All that he wished was, that the claims of the original holders, not less than those of the actual holders, should be fairly examined and justly decided. They had been invalidated by nothing yet urged. A debt was fairly contracted; according to justice and good faith, it ought to have been paid in gold or silver; a piece of paper only was substituted. Was this paper equal in value to gold or silver? No. It was worth, in the market, which the argument for the purchasing holders makes the criterion, no more than one-eighth or one-seventh of that value. Was this depreciated paper freely accepted? No. The Government offered that or nothing. The relation of the individual to the Government, and the circumstances of the offer, rendered the acceptance a forced, not a free one. The same degree of constraint would vitiate a transaction between man and man, before any Court of Equity on the face of the earth. There are even cases where consent cannot be pretended; where the property of the planter or farmer had been taken at the point of the bayonet, and a certificate presented in the same manner.
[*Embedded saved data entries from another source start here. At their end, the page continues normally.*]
(* Let $\sigma\colon O_1\to O_2$ be an isomorphism of finite $Act$-labelled posets, let $c_1,c_1'$ be causal markings, $K\subseteq|O_1|$, $a\in Act$, $e\in\mathcal{E}\setminus X_{O_1}$ and $e'\in\mathcal{E}\setminus X_{O_2}$. Then $O_1\rhd c_1\xrightarrow{K\vdash e_a}\delta(O_1,K,e_a)\rhd c_1'$ in the concrete causal case graph if and only if $O_2\rhd c_1\sigma\xrightarrow{\sigma(K)\vdash e'_a}\delta(O_2,\sigma(K),e'_a)\rhd c_1'\,\sigma[e_a\mapsto e'_a]$ in the concrete causal case graph.
   Context: Fix a set $Act$ of action labels and an infinite set $\mathcal{E}$ of event names. A finite $Act$-labelled poset is $O=(X_O,\preccurlyeq_O,l_O)$ with $X_O\subseteq\mathcal{E}$ finite, $\preccurlyeq_O$ a partial order on $X_O$ and $l_O\colon X_O\to Act$; write $|O|=\{(x,l_O(x)):x\in X_O\}$, write $x_a$ for $(x,a)$, and regard $O$ also as a poset on $|O|$. A morphism $\sigma\colon O\to O'$ is a map $X_O\to X_{O'}$ preserving order and labels, acting on labelled events by $\sigma(x_a)=\sigma(x)_a$; an isomorphism is a bijective morphism whose inverse is a morphism. For $K\subseteq|O|$, $\max_O K$ is the set of maximal elements of $K$; $K$ is down-closed w.r.t. $O$ if $y\in K$ and $x\preccurlyeq_O y$ imply $x\in K$. A net is $N=(S,T,F,l)$ with disjoint sets $S$ (places) and $T$ (transitions), $F\subseteq(S\times T)\cup(T\times S)$, $l\colon T\to Act$; ${}^\bullet t=\{s:(s,t)\in F\}$ and $t^\bullet=\{s:(t,s)\in F\}$ are assumed nonempty. Fix a net $N$. A causal marking is a finite set $c$ of pairs written $K\vdash s$ with $s\in S$ and $K$ a finite subset of $\mathcal{E}\times Act$; $\mathcal{K}(c)$ is the union of all cause sets $K$ in $c$, $|c|$ is the set of places occurring in $c$, and for a set of places $m$, $K\vdash m=\{K\vdash s:s\in m\}$. For a map $\sigma$ on events, $c\sigma=\{\sigma(K)\vdash s: K\vdash s\in c\}$. A P-marking is a pair $O\rhd c$ of a finite labelled poset $O$ and a causal marking $c$ such that every cause set of $c$ is a down-closed subset of $|O|$. For $K\subseteq|O|$, $e\in\mathcal{E}\setminus X_O$, $a\in Act$, $\delta(O,K,e_a)$ is the labelled poset obtained from $O$ by adding the event $e$ with label $a$ and the pairs $k\preccurlyeq e_a$ for $k\in K$, then taking the reflexive-transitive closure. The concrete causal case graph of $N$ is the smallest transition relation on P-markings closed under the rule: if $t\in T$, $O\rhd c\cup c'$ is a P-marking, $|c|={}^\bullet t$, $a=l(t)$, $e\in\mathcal{E}\setminus X_O$ and $K=\max_O\mathcal{K}(c)$, then $O\rhd c\cup c'\xrightarrow{K\vdash e_a}\delta(O,K,e_a)\rhd(\mathcal{K}(c)\cup\{e_a\}\vdash t^\bullet)\cup c'$. For $\sigma\colon O_1\to O_2$ and $e\notin X_{O_1}$, $e'\notin X_{O_2}$, $\sigma[e_a\mapsto e'_a]$ is the map on $X_{O_1}\cup\{e\}$ that agrees with $\sigma$ on $X_{O_1}$ and sends $e$ to $e'$. *)

theory Defs
  imports Main "HOL-Library.Infinite_Typeclass"
begin

text \<open>The labelling is a partial map
  'e => 'act option whose domain is X_O, so |P| is exactly the graph of the labelling.\<close>

record ('e, 'act) lposet =
  lab :: "'e \<Rightarrow> 'act option"
  ord :: "('e \<times> 'e) set"

definition ev :: "('e, 'act) lposet \<Rightarrow> 'e set" where
  "ev P = dom (lab P)"

definition lev :: "('e, 'act) lposet \<Rightarrow> ('e \<times> 'act) set" where
  "lev P = {(x, a). lab P x = Some a}"

definition fin_lposet :: "('e, 'act) lposet \<Rightarrow> bool" where
  "fin_lposet P \<longleftrightarrow> finite (ev P) \<and> ord P \<subseteq> ev P \<times> ev P \<and>
     refl_on (ev P) (ord P) \<and> antisym (ord P) \<and> trans (ord P)"

definition lle :: "('e, 'act) lposet \<Rightarrow> ('e \<times> 'act) \<Rightarrow> ('e \<times> 'act) \<Rightarrow> bool" where
  "lle P k k' \<longleftrightarrow> k \<in> lev P \<and> k' \<in> lev P \<and> (fst k, fst k') \<in> ord P"

definition maxO :: "('e, 'act) lposet \<Rightarrow> ('e \<times> 'act) set \<Rightarrow> ('e \<times> 'act) set" where
  "maxO P K = {k \<in> K. \<forall>k'\<in>K. lle P k k' \<longrightarrow> k' = k}"

definition down_closed :: "('e, 'act) lposet \<Rightarrow> ('e \<times> 'act) set \<Rightarrow> bool" where
  "down_closed P K \<longleftrightarrow> (\<forall>y\<in>K. \<forall>x. lle P x y \<longrightarrow> x \<in> K)"

definition morphism :: "('e \<Rightarrow> 'e) \<Rightarrow> ('e, 'act) lposet \<Rightarrow> ('e, 'act) lposet \<Rightarrow> bool" where
  "morphism \<sigma> P P' \<longleftrightarrow>
     (\<forall>x\<in>ev P. \<sigma> x \<in> ev P' \<and> lab P' (\<sigma> x) = lab P x) \<and>
     (\<forall>x\<in>ev P. \<forall>y\<in>ev P. (x, y) \<in> ord P \<longrightarrow> (\<sigma> x, \<sigma> y) \<in> ord P')"

definition isomorphism :: "('e \<Rightarrow> 'e) \<Rightarrow> ('e, 'act) lposet \<Rightarrow> ('e, 'act) lposet \<Rightarrow> bool" where
  "isomorphism \<sigma> P P' \<longleftrightarrow> bij_betw \<sigma> (ev P) (ev P') \<and> morphism \<sigma> P P' \<and>
     morphism (the_inv_into (ev P) \<sigma>) P' P"

definition lmap :: "('e \<Rightarrow> 'e) \<Rightarrow> ('e \<times> 'act) set \<Rightarrow> ('e \<times> 'act) set" where
  "lmap \<sigma> K = (\<lambda>(x, a). (\<sigma> x, a)) ` K"

definition delta :: "('e, 'act) lposet \<Rightarrow> ('e \<times> 'act) set \<Rightarrow> 'e \<Rightarrow> 'act \<Rightarrow> ('e, 'act) lposet" where
  "delta P K e a = \<lparr> lab = (lab P)(e \<mapsto> a),
     ord = Id_on (insert e (ev P)) \<union> (ord P \<union> (fst ` K) \<times> {e})\<^sup>+ \<rparr>"

text \<open>Places and transitions live in distinct types, hence are disjoint;
  the flow relation F is split into its S x T and T x S parts.\<close>

record ('s, 't, 'act) net =
  places :: "'s set"
  transs :: "'t set"
  flow_in :: "('s \<times> 't) set"
  flow_out :: "('t \<times> 's) set"
  tlab :: "'t \<Rightarrow> 'act"

definition preset :: "('s, 't, 'act) net \<Rightarrow> 't \<Rightarrow> 's set" where
  "preset N t = {s. (s, t) \<in> flow_in N}"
But why did the creditors part with their acknowledgment of the debt? In some instances, from necessity; in others, from a well-founded distrust of the public. Whether from the one, or the other, they had been injured; they had suffered loss, through the default of the debtor; and the debtor cannot, in justice or honor, take advantage of the default.
Here, then, was a debt acknowledged to have been once due, and which was never discharged; because the payment was forced and defective. The balance, consequently, is still due, and is of as sacred a nature as the claims of the purchasing holder can be; and if both are not to be paid in the whole, is equally entitled to payment in part.